For CSS essay-style answers, frame Pakistan's economic story as a "high-growth, low-stability" trap: episodes of rapid growth interrupted by external-account crises, each followed by IMF stabilisation. Reform proposals must address the structural drivers — narrow tax base, distorted incentives, weak institutions — not just symptoms.
CPEC and regional connectivity
The China-Pakistan Economic Corridor, launched in 2015, is a flagship of China's Belt and Road Initiative.
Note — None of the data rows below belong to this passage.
lemma mass_distribution_finite_measure: "mass_distribution M \<Longrightarrow> finite_measure M"
  by (rule finite_measureI) (auto simp: mass_distribution_def)

lemma mass_distribution_closed_sets:
  assumes "mass_distribution M" "closed S"
  shows "S \<in> sets M"
proof -
  have "- S \<in> sets M" using assms by (simp add: mass_distribution_def open_Compl)
  then have "space M - (- S) \<in> sets M" by (rule sets.compl_sets)
  then show ?thesis using mass_distribution_space[OF assms(1)] by simp
qed

lemma mass_distribution_total_pos:
  assumes "mass_distribution M"
  shows "0 < measure M UNIV"
proof -
  interpret finite_measure M by (rule mass_distribution_finite_measure[OF assms])
  show ?thesis using assms emeasure_eq_measure[of UNIV] by (simp add: mass_distribution_def)
qed

lemma closed_pos_side: "closed (pos_side l)"
  unfolding pos_side_def by (intro closed_Collect_le continuous_intros)

lemma closed_line_set: "closed (line_set l)"
  unfolding line_set_def by (intro closed_Collect_eq continuous_intros)

lemma line_set_null:
  assumes "mass_distribution M" "oriented_line l"
  shows "line_set l \<in> null_sets M"
proof -
  have "line_set l = {x. fst l \<bullet> x = - snd l}" by (auto simp: line_set_def)
  then have "aff_dim (line_set l) < 2" using assms(2) by (simp add: oriented_line_def)
  moreover have "line_set l \<in> sets M" using assms(1) closed_line_set by (rule mass_distribution_closed_sets)
  ultimately show ?thesis using assms(1) by (auto simp: mass_distribution_def null_sets_def)
qed

lemma R_plus_eq_Compl_R_minus: "R_plus Ls = - R_minus Ls"
  by (auto simp: R_plus_def R_minus_def)

lemma R_minus_Cons: "R_minus (l # Ls) = sym_diff (pos_side l) (R_minus Ls)"
  by (auto simp: R_minus_def lambda_count_def)

lemma R_minus_pair: "R_minus [l1, l2] = {p. (p \<in> pos_side l1) \<noteq> (p \<in> pos_side l2)}"
  by (auto simp: R_minus_def lambda_count_def)

lemma R_minus_sets:
  assumes "mass_distribution M"
  shows "R_minus Ls \<in> sets M"
proof (induction Ls)
  case Nil
  show ?case by (simp add: R_minus_def lambda_count_def)
next
  case (Cons l Ls)
  moreover have "pos_side l \<in> sets M"
    using assms closed_pos_side by (rule mass_distribution_closed_sets)
  ultimately show ?case by (auto simp: R_minus_Cons)
qed

lemma bisects_iff_half_mass:
  assumes "mass_distribution M"
  shows "bisects Ls M \<longleftrightarrow> measure M (R_minus Ls) = measure M UNIV / 2"
proof -
  interpret finite_measure M by (rule mass_distribution_finite_measure[OF assms])
  have "bisects Ls M \<longleftrightarrow> measure M (R_plus Ls) = measure M (R_minus Ls)"
    by (simp add: bisects_def emeasure_eq_measure)
  moreover have "measure M (R_plus Ls) = measure M UNIV - measure M (R_minus Ls)"
    using finite_measure_compl[OF R_minus_sets[OF assms]] mass_distribution_space[OF assms]
    by (simp add: R_plus_eq_Compl_R_minus Compl_eq_Diff_UNIV)
  ultimately show ?thesis by linarith
qed

definition angle_normal :: "real \<Rightarrow> real^2" where
  "angle_normal t = vector [- sin t, cos t]"

text \<open>The line through \<open>q\<close> with direction \<open>(cos t, sin t)\<close>, its positive side to the left.\<close>
definition line_at :: "real^2 \<Rightarrow> real \<Rightarrow> (real^2) \<times> real" where
  "line_at q t = (angle_normal t, - (angle_normal t \<bullet> q))"

lemma angle_normal_inner: "angle_normal t \<bullet> z = cos t * z$2 - sin t * z$1"
  by (simp add: angle_normal_def inner_vec_def UNIV_2 vector_2)

lemma angle_normal_nonzero: "angle_normal t \<noteq> 0"
proof
  assume "angle_normal t = 0"
  moreover have "angle_normal t $ 1 = - sin t" "angle_normal t $ 2 = cos t"
    by (simp_all add: angle_normal_def)
  ultimately have "sin t = 0" "cos t = 0" by auto
  then show False using sin_cos_squared_add[of t] by simp
qed

lemma angle_normal_add_pi: "angle_normal (t + pi) = - angle_normal t"
  by (simp add: angle_normal_def sin_add cos_add vec_eq_iff forall_2)

lemma oriented_line_line_at: "oriented_line (line_at q t)"
  by (simp add: oriented_line_def line_at_def angle_normal_nonzero)

lemma mem_pos_side_line_at: "p \<in> pos_side (line_at q t) \<longleftrightarrow> 0 \<le> angle_normal t \<bullet> (p - q)"
  by (simp add: pos_side_def line_at_def inner_diff_right)

lemma mem_line_set_line_at: "p \<in> line_set (line_at q t) \<longleftrightarrow> angle_normal t \<bullet> (p - q) = 0"
  by (simp add: line_set_def line_at_def inner_diff_right)

lemma line_set_line_at_neq:
  assumes "0 < y" "y < pi"
  shows "line_set (line_at q x) \<noteq> line_set (line_at q (x + y))"
proof -
  define p :: "real^2" where "p = q + vector [cos x, sin x]"
  have "angle_normal t \<bullet> (p - q) = sin (x - t)" for t
    by (simp add: p_def angle_normal_inner vector_2 sin_diff algebra_simps)
  then have "p \<in> line_set (line_at q x)" "p \<notin> line_set (line_at q (x + y))"
    using sin_gt_zero[OF assms] by (auto simp: mem_line_set_line_at)
  then show ?thesis by blast
qed

text \<open>Multiplying the identity \<open>sin (c - b) A + sin (b - a) C = sin (c - a) B\<close> by \<open>B\<close>, the two
  sign changes make the left side \<open>\<le> 0\<close> and the right side \<open>\<ge> 0\<close>, so \<open>sin (c - a) = 0\<close>.\<close>
lemma angle_normal_sign_changes_once:
  assumes "a \<le> b" "b \<le> c" "c \<le> a + pi"
    and "angle_normal a \<bullet> z \<noteq> 0" "angle_normal b \<bullet> z \<noteq> 0" "angle_normal c \<bullet> z \<noteq> 0"
  shows "(0 \<le> angle_normal a \<bullet> z) = (0 \<le> angle_normal b \<bullet> z) \<or>
         (0 \<le> angle_normal b \<bullet> z) = (0 \<le> angle_normal c \<bullet> z)"
proof (rule ccontr)
  define A B C where "A = angle_normal a \<bullet> z" and "B = angle_normal b \<bullet> z" and "C = angle_normal c \<bullet> z"
  assume "\<not> ?thesis"
  then have opposite: "A * B < 0" "C * B < 0"
    using assms(4-6) by (auto simp: A_def B_def C_def mult_less_0_iff)
  have identity: "sin (c - b) * (A * B) + sin (b - a) * (C * B) = sin (c - a) * B\<^sup>2"
    by (simp add: A_def B_def C_def angle_normal_inner sin_diff power2_eq_square algebra_simps)
  have "0 \<le> sin (c - b)" "0 \<le> sin (b - a)" "0 \<le> sin (c - a)"
    using assms(1-3) by (auto intro!: sin_ge_zero)
  then have "sin (c - b) * (A * B) \<le> 0" "sin (b - a) * (C * B) \<le> 0"
    using opposite by (simp_all add: mult_nonneg_nonpos)
  then have "sin (c - a) * B\<^sup>2 \<le> 0" using identity by linarith
  moreover have "0 < B\<^sup>2" using assms(5) by (simp add: B_def)
  ultimately have "sin (c - a) = 0"
    using \<open>0 \<le> sin (c - a)\<close> by (simp add: mult_le_0_iff)
  then have "c = a \<or> c = a + pi"
    using sin_eq_0_pi[of "c - a"] assms(1-3) by force
  then show False
  proof
    assume "c = a"
    then show False using assms(1,2) opposite by (simp add: A_def B_def)
  next
    assume "c = a + pi"
    then have "C * B = - (A * B)" by (simp add: A_def C_def angle_normal_add_pi)
    then show False using opposite by linarith
  qed
qed

definition double_wedge :: "real^2 \<Rightarrow> real \<Rightarrow> real \<Rightarrow> (real^2) set" where
  "double_wedge q a b = R_minus [line_at q a, line_at q b]"

lemma mem_double_wedge:
  "p \<in> double_wedge q a b \<longleftrightarrow> (0 \<le> angle_normal a \<bullet> (p - q)) \<noteq> (0 \<le> angle_normal b \<bullet> (p - q))"
  by (simp add: double_wedge_def R_minus_pair mem_pos_side_line_at)

lemma mem_double_wedge_split:
  "p \<in> double_wedge q a c \<longleftrightarrow> (p \<in> double_wedge q a b) \<noteq> (p \<in> double_wedge q b c)"
  by (auto simp: mem_double_wedge)

lemma mem_double_wedge_half_turn:
  "p \<notin> line_set (line_at q a) \<Longrightarrow> p \<in> double_wedge q a (a + pi)"
  by (auto simp: mem_double_wedge mem_line_set_line_at angle_normal_add_pi)

lemma mem_double_wedge_add_pi:
  "p \<notin> line_set (line_at q a) \<Longrightarrow> p \<notin> line_set (line_at q b) \<Longrightarrow>
    p \<in> double_wedge q (a + pi) (b + pi) \<longleftrightarrow> p \<in> double_wedge q a b"
  by (auto simp: mem_double_wedge mem_line_set_line_at angle_normal_add_pi)

lemma double_wedges_disjoint:
  assumes "a \<le> b" "b \<le> c" "c \<le> a + pi"
    and "p \<notin> line_set (line_at q a)" "p \<notin> line_set (line_at q b)" "p \<notin> line_set (line_at q c)"
  shows "p \<notin> double_wedge q a b \<inter> double_wedge q b c"
  using angle_normal_sign_changes_once[OF assms(1-3), of "p - q"] assms(4-6)
  by (auto simp: mem_double_wedge mem_line_set_line_at)

lemma eventually_pos_side_line_at:
  assumes "p \<notin> line_set (line_at q t0)" "(t \<longlongrightarrow> t0) F"
  shows "eventually (\<lambda>n. p \<in> pos_side (line_at q (t n)) \<longleftrightarrow> p \<in> pos_side (line_at q t0)) F"
proof -
  have lim: "((\<lambda>n. angle_normal (t n) \<bullet> (p - q)) \<longlongrightarrow> angle_normal t0 \<bullet> (p - q)) F"
  proof (rule isCont_tendsto_compose[OF _ assms(2)])
    show "isCont (\<lambda>s. angle_normal s \<bullet> (p - q)) t0"
      unfolding angle_normal_inner by (intro continuous_intros)
  qed
  have "angle_normal t0 \<bullet> (p - q) \<noteq> 0" using assms(1) by (simp add: mem_line_set_line_at)
  then consider "0 < angle_normal t0 \<bullet> (p - q)" | "angle_normal t0 \<bullet> (p - q) < 0" by linarith
  then show ?thesis
  proof cases
    case 1
    from order_tendstoD(1)[OF lim this] show ?thesis
      by eventually_elim (use 1 in \<open>auto simp: mem_pos_side_line_at\<close>)
  next
    case 2
    from order_tendstoD(2)[OF lim this] show ?thesis
      by eventually_elim (use 2 in \<open>auto simp: mem_pos_side_line_at\<close>)
  qed
qed

context
  fixes M :: "(real^2) measure" and q :: "real^2"
  assumes md: "mass_distribution M"
begin

lemma line_at_null: "line_set (line_at q t) \<in> null_sets M"
  using md oriented_line_line_at by (rule line_set_null)

lemma double_wedge_sets: "double_wedge q a b \<in> sets M"
  unfolding double_wedge_def using md by (rule R_minus_sets)

lemma measure_double_wedge_half_turn: "measure M (double_wedge q a (a + pi)) = measure M UNIV"
proof (rule measure_eq_AE)
  show "AE p in M. p \<in> double_wedge q a (a + pi) \<longleftrightarrow> p \<in> UNIV"
    by (rule AE_I'[OF line_at_null]) (auto intro: mem_double_wedge_half_turn)
qed (use double_wedge_sets mass_distribution_space[OF md] sets.top[of M] in auto)

lemma measure_double_wedge_add_pi:
  "measure M (double_wedge q (a + pi) (b + pi)) = measure M (double_wedge q a b)"
proof (rule measure_eq_AE)
  show "AE p in M. p \<in> double_wedge q (a + pi) (b + pi) \<longleftrightarrow> p \<in> double_wedge q a b"
    by (rule AE_I'[OF null_sets.Un[OF line_at_null[of a] line_at_null[of b]]])
      (use mem_double_wedge_add_pi in blast)
qed (use double_wedge_sets in auto)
Phase 1 focused on energy and infrastructure; Phase 2 emphasises Special Economic Zones (Rashakai, Allama Iqbal, Dhabeji), agricultural cooperation and ML-1 railway upgrade. The total announced portfolio exceeds USD 60 billion.
Critics highlight rising external debt service and limited technology transfer; supporters emphasise the addition of over 10,000 MW of generation capacity and the Gwadar port as a strategic asset.
Climate and Pakistan's future
Pakistan contributes less than 1% of global emissions yet ranks among the top 10 most climate-vulnerable countries. The 2022 super-floods cost roughly USD 30 billion. The Loss and Damage Fund at COP-27 (2022) was secured largely through Pakistani diplomacy. Adaptation finance and a just energy transition are now central to Pakistan's medium-term economic strategy.